After passing the eleven-plus, Ambrose attended Queen Elizabeth's Grammar School, Blackburn, between 1954 and 1961. From 1962 until 1965 he studied law at Merton College, Oxford. While there he wrote two plays which were successfully performed (one winning an OUDS prize for best college production) as well as directing and acting in several productions. He was also a frequent debater in the Oxford Union Society, where he served a term on standing committee.

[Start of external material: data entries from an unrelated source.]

(* If s is the largest t with t |v|^2 <= v^T A v for all v but not an eigenvalue, then A - s I
   is invertible and positive semidefinite, hence coercive, and s could be increased. *)
lemma eigenvalue_max_Rayleigh_lower_bound:
  assumes A: "A \<in> carrier_mat n n" and sym: "\<forall>i<n. \<forall>j<n. A $$ (i, j) = A $$ (j, i)"
    and lower: "\<forall>v. s * dot n v v \<le> bilin n A v v"
    and max: "\<And>t. \<forall>v. t * dot n v v \<le> bilin n A v v \<Longrightarrow> t \<le> s"
  shows "eigenvalue A s"
proof (rule ccontr)
  assume "\<not> eigenvalue A s"
  define M where "M = char_matrix A s"
  have M: "M \<in> carrier_mat n n" unfolding M_def using A by simp
  have Mij: "M $$ (i, j) = A $$ (i, j) - (if i = j then s else 0)" if "i < n" "j < n" for i j
    unfolding M_def char_matrix_def using A that by auto
  have bilin_M: "bilin n M v v = bilin n A v v - s * dot n v v" for v
  proof -
    have "bilin n M v v
        = (\<Sum>i<n. \<Sum>j<n. v i * A $$ (i, j) * v j - (if i = j then s * v i * v j else 0))"
      unfolding bilin_def by (intro sum.cong refl) (auto simp: Mij algebra_simps)
    thus ?thesis
      unfolding bilin_def dot_def by (simp add: sum_subtractf sum.delta sum_distrib_left mult_ac)
  qed
  have "det M \<noteq> 0" using \<open>\<not> eigenvalue A s\<close> eigenvalue_det[OF A] unfolding M_def by simp
  moreover have "\<forall>i<n. \<forall>j<n. M $$ (i, j) = M $$ (j, i)" using sym Mij by auto
  moreover have "\<forall>w. 0 \<le> bilin n M w w" using lower by (simp add: bilin_M)
  ultimately obtain c where "c > 0" and c: "\<forall>v. c * dot n v v \<le> bilin n M v v"
    using invertible_psd_coercive[OF M] by blast
  have "s + c \<le> s" using c by (intro max) (simp add: bilin_M algebra_simps)
  thus False using \<open>c > 0\<close> by simp
qed
(* For each $t\in\{0,1,\dots,T-1\}$ and $i\in\{1,\dots,N\}$: (i) for every $a\in\mathbb{Z}$, $\Delta G^{N,i}_t(a,k)=G^{N,i}_t(a+1,k)-G^{N,i}_t(a,k)$ is non-increasing in $k\in\mathbb{N}_0$; and (ii) for every $x\in\mathbb{Z}$, $\Delta\tilde V^{N,i}_t(x,k)=\tilde V^{N,i}_t(x+1,k)-\tilde V^{N,i}_t(x,k)$ is non-increasing in $k\in\mathbb{N}_0$.
   Context: Spare parts setting. Fix integers $N\ge1$, $T\ge1$, reals $\alpha_0,\beta_0>0$, and for each $i\in\{1,\dots,N\}$ unit costs $c_v^i,c_h^i,c_b^i>0$ (transportation, holding, backorder) with $c_b^i>c_v^i$. $\mathbb{N}_0=\{0,1,2,\dots\}$, $y^+=\max(y,0)$. For real $r>0$ and $p\in(0,1)$, $NB(r,p)$ is the distribution on $\mathbb{N}_0$ with $P(n)=\frac{\Gamma(n+r)}{\Gamma(r)n!}p^r(1-p)^n$; $NB(0,p)$ is the point mass at $0$. For $t\in\{0,\dots,T\}$ let $p_t=\frac{\beta_0+Nt}{\beta_0+Nt+1}$. At epoch $t$ and statistic $k$ let $Z\sim NB(\alpha_0+k,p_t)$, $K\sim NB((N-1)(\alpha_0+k),p_t)$ independent, and $C_i(a,x,k)=c_v^i(a-x)+c_h^i\mathbb{E}[(a-Z)^+]+c_b^i\mathbb{E}[(Z-a)^+]$. Define $\tilde V^{N,i}_T\equiv0$ and for $t=T-1,\dots,0$, $(x,k)\in\mathbb{Z}\times\mathbb{N}_0$: $\tilde V^{N,i}_t(x,k)=\min_{a\in\mathbb{Z},a\ge x}\{C_i(a,x,k)+\mathbb{E}[\tilde V^{N,i}_{t+1}(a-Z,k+Z+K)]\}$. For $t\in\{0,\dots,T-1\}$ let $G^{N,i}_t(a,k)=c_v^ia+c_h^i\mathbb{E}[(a-Z)^+]+c_b^i\mathbb{E}[(Z-a)^+]+\mathbb{E}[\tilde V^{N,i}_{t+1}(a-Z,k+Z+K)]$, so that $\tilde V^{N,i}_t(x,k)=\min_{a\ge x}\{G^{N,i}_t(a,k)-c_v^ix\}$. *)

theory Defs
  imports "HOL-Analysis.Analysis"
begin
(* Let $\Sigma$ be a ranked alphabet, $B$ a strong bimonoid and $\mathcal{A}$ a bottom-up deterministic $(\Sigma,B)$-weighted tree automaton. Then $[\![\mathcal{A}]\!]^{\mathrm{init}}=[\![\mathcal{A}]\!]^{\mathrm{run}}$.
   Context: A ranked alphabet is a finite nonempty set $\Sigma$ with a rank map $\mathrm{rk}:\Sigma\to\mathbb{N}$; $\Sigma^{(k)}=\{\sigma\mid \mathrm{rk}(\sigma)=k\}$, and it is assumed that $\Sigma^{(0)}\neq\emptyset$. $T_\Sigma$ is the set of $\Sigma$-trees: the smallest set containing $\Sigma^{(0)}$ and containing $\sigma(\xi_1,\dots,\xi_k)$ whenever $k\ge 1$, $\sigma\in\Sigma^{(k)}$, $\xi_1,\dots,\xi_k\in T_\Sigma$ (for $k=0$ we write $\sigma$ for $\sigma()$). Positions: $\mathrm{pos}(\alpha)=\{\varepsilon\}$ for $\alpha\in\Sigma^{(0)}$, $\mathrm{pos}(\sigma(\xi_1,\dots,\xi_k))=\{\varepsilon\}\cup\{iv\mid i\in[k], v\in\mathrm{pos}(\xi_i)\}$. A strong bimonoid $(B,\oplus,\otimes,\mathbb{0},\mathbb{1})$ consists of a commutative monoid $(B,\oplus,\mathbb{0})$ and a (not necessarily commutative) monoid $(B,\otimes,\mathbb{1})$ with $\mathbb{0}\neq\mathbb{1}$ and $b\otimes\mathbb{0}=\mathbb{0}\otimes b=\mathbb{0}$ for all $b$; no distributivity is assumed. $\bigotimes_{i=1}^k a_i=a_1\otimes\cdots\otimes a_k$ in this order ($\mathbb{1}$ if $k=0$), and $\bigoplus$ over a finite index set is the iterated sum ($\mathbb{0}$ if empty). A $(\Sigma,B)$-weighted tree automaton (wta) is $\mathcal{A}=(Q,\delta,F)$ with $Q$ a finite nonempty set, $\delta=(\delta_k)_{k\in\mathbb{N}}$ with $\delta_k:Q^k\times\Sigma^{(k)}\times Q\to B$ (written $\delta_k(q_1\dots q_k,\sigma,q)$), and $F:Q\to B$. The vector algebra of $\mathcal{A}$ is the $\Sigma$-algebra $(B^Q,\delta_{\mathcal{A}})$ with $\delta_{\mathcal{A}}(\sigma)(v_1,\dots,v_k)_q=\bigoplus_{q_1,\dots,q_k\in Q}\big(\bigotimes_{i=1}^k (v_i)_{q_i}\big)\otimes\delta_k(q_1\dots q_k,\sigma,q)$. Let $h_{\mathrm{V}(\mathcal{A})}:T_\Sigma\to B^Q$ be defined by $h_{\mathrm{V}(\mathcal{A})}(\sigma(\xi_1,\dots,\xi_k))=\delta_{\mathcal{A}}(\sigma)(h_{\mathrm{V}(\mathcal{A})}(\xi_1),\dots,h_{\mathrm{V}(\mathcal{A})}(\xi_k))$. The initial algebra semantics is $[\![\mathcal{A}]\!]^{\mathrm{init}}(\xi)=\bigoplus_{q\in Q}h_{\mathrm{V}(\mathcal{A})}(\xi)_q\otimes F_q$. A run of $\mathcal{A}$ on $\xi$ is a map $\rho:\mathrm{pos}(\xi)\to Q$; $R_{\mathcal{A}}(\xi)$ is the set of runs on $\xi$; $\rho|_i$ is the run on $\xi_i$ given by $\rho|_i(w)=\rho(iw)$. For $\xi=\sigma(\xi_1,\dots,\xi_k)$, $\mathrm{wt}_{\mathcal{A}}(\rho)=\big(\bigotimes_{i=1}^k\mathrm{wt}_{\mathcal{A}}(\rho|_i)\big)\otimes\delta_k(\rho(1)\dots\rho(k),\sigma,\rho(\varepsilon))$. The run semantics is $[\![\mathcal{A}]\!]^{\mathrm{run}}(\xi)=\bigoplus_{\rho\in R_{\mathcal{A}}(\xi)}\mathrm{wt}_{\mathcal{A}}(\rho)\otimes F_{\rho(\varepsilon)}$. $\mathcal{A}$ is bottom-up deterministic if for all $k$, $\sigma\in\Sigma^{(k)}$, $q_1,\dots,q_k\in Q$ there is at most one $q\in Q$ with $\delta_k(q_1\dots q_k,\sigma,q)\neq\mathbb{0}$. *)

theory Defs
  imports "HOL-Library.FuncSet"
begin

text \<open>Trees over an alphabet of type 'f; the ranked alphabet is the finite type 'f
  together with a rank map rk. Children are indexed 0,...,k-1 (instead of 1..k).\<close>

datatype 'f tree = Node 'f "'f tree list"

lemma size_nth_less: "i < length ts \<Longrightarrow> size (ts ! i) < Suc (size_list size ts)"
  using size_list_estimation'[of "ts ! i" ts "size (ts ! i)" size] nth_mem[of i ts] by simp

inductive wf_tree :: "('f \<Rightarrow> nat) \<Rightarrow> 'f tree \<Rightarrow> bool" for rk where
  "length ts = rk \<sigma> \<Longrightarrow> (\<forall>t\<in>set ts. wf_tree rk t) \<Longrightarrow> wf_tree rk (Node \<sigma> ts)"

function pos :: "'f tree \<Rightarrow> nat list set" where
  "pos (Node \<sigma> ts) = {[]} \<union> (\<Union>i\<in>{..<length ts}. (\<lambda>v. i # v) ` pos (ts ! i))"
  by pat_completeness auto
termination
  by (relation "measure size") (auto intro: size_nth_less)

text \<open>Strong bimonoid: comm_monoid_add, monoid_mult, absorbing zero, zero \<noteq> one
  (no distributivity). Transition weights: delta qs \<sigma> q = \<delta>_k(q_1...q_k,\<sigma>,q).\<close>

definition vec_alg ::
  "('q::finite list \<Rightarrow> 'f \<Rightarrow> 'q \<Rightarrow> 'b::{comm_monoid_add,monoid_mult,mult_zero,zero_neq_one})
   \<Rightarrow> 'f \<Rightarrow> ('q \<Rightarrow> 'b) list \<Rightarrow> 'q \<Rightarrow> 'b" where
  "vec_alg \<delta> \<sigma> vs q =
     (\<Sum>qs\<in>{qs. length qs = length vs}. prod_list (map2 (\<lambda>v q'. v q') vs qs) * \<delta> qs \<sigma> q)"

Despite winning a mock trial in front of a high court judge while still an undergraduate, resulting in an offer of excellent chambers to begin a career at the bar, he chose to try his luck in show business.

Early career 

For three years he supported himself by freelance journalism, mainly for The Observer, where he wrote book reviews and conducted “Arts” interviews with subjects including Peggy Ashcroft, Robert Bolt, Neil Simon, Harold Pinter and Alec Guinness. He was also, briefly, artistic director of the new Adeline Genee Theatre in Surrey.

Throughout this period he had been writing plays and film scripts, one of which was bought by Dirk Bogarde (though never produced), and two of which were successfully produced by a major television company (ATV).

In early 1968, a few weeks after his twenty-fifth birthday, he was hired to re-write the entire script of a sprawling Roman epic which was about to start shooting in Romania under the direction of Hollywood veteran Robert Siodmak, and with a cast headed by Laurence Harvey, Orson Welles, Sylva Koscina and Honor Blackman.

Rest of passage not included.